28. uring-uringan

99 16 4
                                    

Curhat sampe nangis-nangis dramatis yang gue kira bakal bikin lega ternyata cuma mitos belaka. Pasalnya, setelah dari rumah Bara waktu itu mood gue makin berantakan sampe-sampe gue capek sendiri. Nggak ada hari terlewati tanpa tiba-tiba nangis, atau tiba-tiba ngerasa kosong, atau tiba-tiba kesal sendiri, dan kalau udah kayak gini gue jadi jauh lebih sensitif dari biasanya. Untungnya, gue nggak perlu maksain buat mengisolasi diri karena emang pada dasarnya gue selalu mood buat sendiri, dan dua hari terakhir juga gue ditinggal sendiri di kosan karena yang lain punya acara masing-masing.

Gue pernah bilang kalau gue nggak pernah kepikiran Daffa lagi kecuali saat nggak lagi ada kerjaan, dan saat-saat ini adalah salah satunya. Kalau kata orang fase pasca putusnya cewek diawali dengan galau dan nangis, mungkin gue sebaliknya. Udah lebih dari tiga bulan putus dan gue nangis-nangisnya baru sekarang ... kangen-kangennya baru sekarang seolah semua emosi yang selama ini gue tahan akhirnya tumpah juga.

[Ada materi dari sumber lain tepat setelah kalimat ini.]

(* For every positive integer $n$, the number of edges of $OD(\mathbb{Z}_n)$ is $$|E(OD(\mathbb{Z}_n))|=\frac12\sum_{m\mid n}\Big(m+\sum_{\lambda\mid\frac{n}{m}}\phi(\lambda m)-2\phi(m)\Big)\phi(m),$$ where $\phi$ is Euler's totient function and sums run over positive divisors.
   Context: $\mathbb{Z}_n$ is the additive cyclic group of integers modulo $n$. For a finite group $G$, $o(x)$ denotes the order of $x\in G$. The order-divisor graph $OD(G)$ is the simple undirected graph with vertex set $G$, in which two distinct vertices $x,y$ are adjacent if and only if $o(x)\neq o(y)$ and either $o(x)\mid o(y)$ or $o(y)\mid o(x)$. *)

theory Defs
  imports "HOL-Algebra.Algebra" "HOL-Number_Theory.Number_Theory"
begin

definition od_edges :: "('a, 'b) monoid_scheme \<Rightarrow> 'a set set" where
  "od_edges G = {{x, y} | x y. x \<in> carrier G \<and> y \<in> carrier G \<and> x \<noteq> y \<and>
      group.ord G x \<noteq> group.ord G y \<and>
      (group.ord G x dvd group.ord G y \<or> group.ord G y dvd group.ord G x)}"

end

theory Submission
  imports Defs
begin

text \<open>Double counting: twice the number of edges is the sum of the degrees. In \<open>\<int>\<^sub>n\<close> there
  are exactly \<open>\<phi>(d)\<close> elements of each order \<open>d | n\<close>. So for an element of order \<open>m\<close>, the
  elements whose order divides \<open>m\<close> number \<open>\<Sum>d|m. \<phi>(d) = m\<close>, those whose order is a multiple
  of \<open>m\<close> number \<open>\<Sum>\<lambda>|n/m. \<phi>(\<lambda>m)\<close>, and the \<open>\<phi>(m)\<close> elements of order exactly \<open>m\<close> lie in
  both sets but are not neighbours; its degree is \<open>m + \<Sum>\<lambda>|n/m. \<phi>(\<lambda>m) - 2\<phi>(m)\<close>.\<close>

lemma sum_multiples_dividing:
  fixes m n :: nat
  assumes "m dvd n" "n > 0"
  shows "(\<Sum>d | d dvd n \<and> m dvd d. g d) = (\<Sum>l | l dvd n div m. g (l * m))"
proof (rule sum.reindex_bij_witness[of _ "\<lambda>l. l * m" "\<lambda>d. d div m"])
  have "m > 0" using assms by (auto intro: gr0I)
  then show "l * m div m = l" for l by simp
  show "d div m * m = d" if "d \<in> {d. d dvd n \<and> m dvd d}" for d using that by auto
  show "l * m \<in> {d. d dvd n \<and> m dvd d}" if "l \<in> {l. l dvd n div m}" for l
    using that assms by (auto simp: dvd_div_iff_mult)
  show "d div m \<in> {l. l dvd n div m}" if "d \<in> {d. d dvd n \<and> m dvd d}" for d
    using that assms by (auto intro: div_dvd_div)
qed simp

lemma div_dvd_dividend:
  fixes n d :: nat
  shows "d dvd n \<Longrightarrow> n div d dvd n"
  by (metis dvd_div_mult_self dvd_triv_left)

lemma div_eq_iff_eq_div:
  fixes n a b :: nat
  assumes "n > 0" "a dvd n" "b dvd n"
  shows "n div a = b \<longleftrightarrow> a = n div b"
  using assms by (metis dvd_div_mult_self dvd_mult_div_cancel nonzero_mult_div_cancel_left
      div_by_0 not_gr0 mult_eq_0_iff)

lemma card_lessThan_gcd_eq_totient:
  assumes "n > 0" "d dvd n"
  shows "card {k\<in>{..<n}. gcd k n = d} = totient (n div d)"
proof -
  have "bij_betw (\<lambda>k. n - k) {k\<in>{0<..n}. gcd k n = d} {k\<in>{..<n}. gcd k n = d}"
    by (rule bij_betw_byWitness[where f' = "\<lambda>k. n - k"]) (auto simp: gcd_diff2_nat image_iff)
  then show ?thesis using card_gcd_eq_totient[OF assms] by (simp add: bij_betw_same_card)
qed

lemma card_doubletons_handshake:
  assumes "finite V" and sym: "\<And>x y. adj x y \<Longrightarrow> adj y x" and irrefl: "\<And>x. \<not> adj x x"
  shows "2 * card {{x, y} | x y. x \<in> V \<and> y \<in> V \<and> adj x y} = (\<Sum>x\<in>V. card {y\<in>V. adj x y})"
proof -
  let ?E = "{{x, y} | x y. x \<in> V \<and> y \<in> V \<and> adj x y}"
  define A where "A = (SIGMA x:V. {y\<in>V. adj x y})"
  have fin_A: "finite A" using \<open>finite V\<close> by (simp add: A_def)
  have edge_image: "(\<lambda>(x, y). {x, y}) ` A \<subseteq> ?E" by (auto simp: A_def)
  have fin_E: "finite ?E"
  proof (rule finite_subset)
    show "?E \<subseteq> Pow V" by auto
  qed (use \<open>finite V\<close> in simp)
  have fibre: "card {p\<in>A. (\<lambda>(x, y). {x, y}) p = e} = 2" if "e \<in> ?E" for e
  proof -
    obtain x y where e: "e = {x, y}" "x \<in> V" "y \<in> V" "adj x y" using \<open>e \<in> ?E\<close> by blast
    have "x \<noteq> y" using e(4) irrefl by blast
    have "{p\<in>A. (\<lambda>(x, y). {x, y}) p = e} = {(x, y), (y, x)}"
      using e sym by (auto simp: A_def doubleton_eq_iff)
    then show ?thesis using \<open>x \<noteq> y\<close> by simp
  qed
  have "(\<Sum>x\<in>V. card {y\<in>V. adj x y}) = card A"
    using \<open>finite V\<close> by (simp add: A_def card_SigmaI)
  also have "\<dots> = (\<Sum>e\<in>?E. card {p\<in>A. (\<lambda>(x, y). {x, y}) p = e})"
    using sum.group[OF fin_A fin_E edge_image, of "\<lambda>_. 1::nat"] by simp
  also have "\<dots> = 2 * card ?E" using fibre by simp
  finally show ?thesis ..
qed

text \<open>The model is a cyclic group of order \<open>n\<close> with \<open>f\<close> the element order.\<close>

locale totient_graded =
  fixes C :: "'a set" and f :: "'a \<Rightarrow> nat" and n :: nat
  assumes n_pos: "n > 0" and finite_C: "finite C" and f_dvd: "x \<in> C \<Longrightarrow> f x dvd n"
    and card_level: "d dvd n \<Longrightarrow> card {x\<in>C. f x = d} = totient d"
begin

lemma sum_over_levels:
  fixes g :: "nat \<Rightarrow> 'b::comm_semiring_1"
  shows "(\<Sum>x\<in>C. g (f x)) = (\<Sum>d | d dvd n. of_nat (totient d) * g d)"
proof -
  have "(\<Sum>x\<in>C. g (f x)) = (\<Sum>d | d dvd n. \<Sum>x\<in>{x\<in>C. f x = d}. g (f x))"
    by (rule sum.group[symmetric]) (use finite_C n_pos f_dvd in auto)
  also have "\<dots> = (\<Sum>d | d dvd n. of_nat (totient d) * g d)"
    by (intro sum.cong refl) (simp add: card_level)
  finally show ?thesis .
qed

lemma card_filter_eq_sum_of_bool:
  "card {y\<in>C. P y} = (\<Sum>y\<in>C. of_bool (P y))"
  using finite_C by (simp add: Int_def)

lemma card_level_divisors:
  assumes "m dvd n"
  shows "card {y\<in>C. f y dvd m} = m"
proof -
  have "card {y\<in>C. f y dvd m} = (\<Sum>d | d dvd n. totient d * of_bool (d dvd m))"
    using sum_over_levels[of "\<lambda>d. of_bool (d dvd m) :: nat"]
    by (simp add: card_filter_eq_sum_of_bool)
  also have "\<dots> = (\<Sum>d | d dvd n \<and> d dvd m. totient d)"
    using n_pos by (simp add: sum.inter_filter[symmetric] Int_def)
  also have "{d. d dvd n \<and> d dvd m} = {d. d dvd m}"
    using assms by (auto intro: dvd_trans)
  also have "(\<Sum>d | d dvd m. totient d) = m" by (rule totient_divisor_sum)
  finally show ?thesis .
qed

lemma card_level_multiples:
  assumes "m dvd n"
  shows "card {y\<in>C. m dvd f y} = (\<Sum>l | l dvd n div m. totient (l * m))"
proof -
  have "card {y\<in>C. m dvd f y} = (\<Sum>d | d dvd n. totient d * of_bool (m dvd d))"
    using sum_over_levels[of "\<lambda>d. of_bool (m dvd d) :: nat"]
    by (simp add: card_filter_eq_sum_of_bool)
  also have "\<dots> = (\<Sum>d | d dvd n \<and> m dvd d. totient d)"
    using n_pos by (simp add: sum.inter_filter[symmetric] Int_def)
  also have "\<dots> = (\<Sum>l | l dvd n div m. totient (l * m))"
    using assms n_pos by (rule sum_multiples_dividing)
  finally show ?thesis .
qed

lemma card_strictly_comparable:
  assumes "x \<in> C"
  shows "real (card {y\<in>C. x \<noteq> y \<and> f x \<noteq> f y \<and> (f x dvd f y \<or> f y dvd f x)}) =
    real (f x) + real (card {y\<in>C. f x dvd f y}) - 2 * real (totient (f x))"
proof -
  define D where "D = {y\<in>C. f y dvd f x}"
  define U where "U = {y\<in>C. f x dvd f y}"
  define L where "L = {y\<in>C. f y = f x}"
  have fin: "finite D" "finite U" using finite_C by (simp_all add: D_def U_def)
  have "D \<inter> U = L" by (auto simp: D_def U_def L_def dest: dvd_antisym)
  have "{y\<in>C. x \<noteq> y \<and> f x \<noteq> f y \<and> (f x dvd f y \<or> f y dvd f x)} = (D \<union> U) - L"
    by (auto simp: D_def U_def L_def)
  moreover have "L \<subseteq> D \<union> U" by (auto simp: D_def L_def)
  ultimately have "real (card {y\<in>C. x \<noteq> y \<and> f x \<noteq> f y \<and> (f x dvd f y \<or> f y dvd f x)}) =
      real (card (D \<union> U)) - real (card L)"
    using fin by (simp add: card_Diff_subset finite_subset card_mono of_nat_diff)
  moreover have "real (card (D \<union> U)) + real (card L) = real (card D) + real (card U)"
    using card_Un_Int[OF fin] \<open>D \<inter> U = L\<close> by (simp flip: of_nat_add)
  moreover have "card D = f x" unfolding D_def using assms by (intro card_level_divisors f_dvd)
  moreover have "card L = totient (f x)" unfolding L_def using assms by (simp add: card_level f_dvd)
  ultimately show ?thesis by (simp add: U_def)
qed

lemma card_comparable_pairs:
  "real (2 * card {{x, y} | x y. x \<in> C \<and> y \<in> C \<and> x \<noteq> y \<and> f x \<noteq> f y \<and>
      (f x dvd f y \<or> f y dvd f x)}) =
    (\<Sum>m | m dvd n.
       (real m + (\<Sum>l | l dvd n div m. real (totient (l * m))) - 2 * real (totient m))
       * real (totient m))"
proof -
  define h where "h m = real m + (\<Sum>l | l dvd n div m. real (totient (l * m))) - 2 * real (totient m)"
    for m
  have "2 * card {{x, y} | x y. x \<in> C \<and> y \<in> C \<and> x \<noteq> y \<and> f x \<noteq> f y \<and>
      (f x dvd f y \<or> f y dvd f x)} =
      (\<Sum>x\<in>C. card {y\<in>C. x \<noteq> y \<and> f x \<noteq> f y \<and> (f x dvd f y \<or> f y dvd f x)})"
    by (rule card_doubletons_handshake[OF finite_C]) auto
  also have "real \<dots> = (\<Sum>x\<in>C. h (f x))"
    unfolding of_nat_sum
    by (intro sum.cong refl) (simp add: card_strictly_comparable card_level_multiples f_dvd h_def)
  also have "\<dots> = (\<Sum>m | m dvd n. real (totient m) * h m)"
    by (rule sum_over_levels)
  finally show ?thesis by (simp add: h_def mult.commute)
qed

end

lemma ord_integer_mod_group:
  assumes "k < n"
  shows "group.ord (integer_mod_group n) (int k) = n div gcd n k"
proof -
  interpret G: group "integer_mod_group n" by simp
  have "int k \<in> carrier (integer_mod_group n)" using assms by (simp add: carrier_integer_mod_group)
  moreover have "(int k [^]\<^bsub>integer_mod_group n\<^esub> m = \<one>\<^bsub>integer_mod_group n\<^esub>) \<longleftrightarrow>
      n div gcd n k dvd m" for m :: nat
  proof -
    have "(int m * int k) mod int n = 0 \<longleftrightarrow> n dvd m * k"
      by (metis of_nat_mult dvd_eq_mod_eq_0 of_nat_dvd_iff)
    also have "\<dots> \<longleftrightarrow> n div gcd n k dvd m"
      using assms by (simp add: div_dvd_iff_mult gcd_mult_distrib_nat mult.commute)
    finally show ?thesis by simp
  qed
  ultimately show ?thesis by (simp add: G.ord_unique)
qed

lemma carrier_integer_mod_group_image:
  "n > 0 \<Longrightarrow> carrier (integer_mod_group n) = int ` {..<n}"
  by (auto simp: carrier_integer_mod_group image_iff intro!: bexI[of _ "nat _"])

lemma totient_graded_integer_mod_group:
  assumes "n > 0"
  shows "totient_graded (carrier (integer_mod_group n)) (group.ord (integer_mod_group n)) n"
proof
  let ?ord = "group.ord (integer_mod_group n)"
  have carrier: "carrier (integer_mod_group n) = int ` {..<n}"
    using assms by (rule carrier_integer_mod_group_image)
  show "n > 0" "finite (carrier (integer_mod_group n))" using assms by (simp_all add: carrier)
  show "?ord x dvd n" if "x \<in> carrier (integer_mod_group n)" for x
    using that by (auto simp: carrier ord_integer_mod_group div_dvd_dividend)
  show "card {x \<in> carrier (integer_mod_group n). ?ord x = d} = totient d" if "d dvd n" for d
  proof -
    have "?ord (int k) = d \<longleftrightarrow> gcd k n = n div d" if "k < n" for k
      using div_eq_iff_eq_div[of n "gcd n k" d] assms \<open>d dvd n\<close> \<open>k < n\<close>
      by (simp add: ord_integer_mod_group gcd.commute)
    then have "{x \<in> carrier (integer_mod_group n). ?ord x = d} = int ` {k\<in>{..<n}. gcd k n = n div d}"
      unfolding carrier by auto
    moreover have "n div (n div d) = d" using that assms by (simp add: div_div_eq_right)
    ultimately show ?thesis
      using card_lessThan_gcd_eq_totient[OF assms div_dvd_dividend[OF that]] by (simp add: card_image)
  qed
qed

theorem mainTheorem15:
  fixes n :: nat
  assumes "n > 0"
  shows "real (card (od_edges (integer_mod_group n))) =
    (1/2) * (\<Sum>m | m dvd n.
       (real m + (\<Sum>l | l dvd (n div m). real (totient (l * m))) - 2 * real (totient m))
       * real (totient m))"
proof -
  interpret totient_graded "carrier (integer_mod_group n)" "group.ord (integer_mod_group n)" n
    using assms by (rule totient_graded_integer_mod_group)
  show ?thesis using card_comparable_pairs unfolding od_edges_def by simp
qed

end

Gue langsung terduduk waktu dengar pintu depan terbuka, tapi ternyata kalah cepet sama ketukan di pintu kamar gue bahkan sebelum gue keluar buat ngecek siapa yang datang.

"Masuk," ujar gue dengan suara sengau.

"Gelap banget kamar kamu," adalah komentar pertama yang dilontarkan Kak Irin waktu masuk kamar gue.

Emang sengaja gue gelapin. Niatnya biar gampang tidur, tapi gue nggak bisa tidur sama sekali.

"Udah makan?" tanyanya, gue menggeleng.

Dua hari ini kayaknya yang masuk perut gue bahkan nggak ada sesuap nasi sama sekali. Semua yang gue makan malah bikin mual.

"Aku bawa makanan dari rumah, tuh," lanjutnya.

"Ntaran aja, deh, makannya. Belum laper."

Dengar suara gue yang persis orang abis nangis gini, Kak Irin menghela napas berat.

"Lagi ada masalah, ya?"

Gue mengangguk. "Cuma ... lagi gak mood ngapa-ngapain aja."

"Dari kemarin-kemarin itu? Udah hampir seminggu, loh," tuturnya yang bikin hati gue rasanya makin berat. "Kalau ada yang ganjel cerita aja. Jangan ditahan sendiri."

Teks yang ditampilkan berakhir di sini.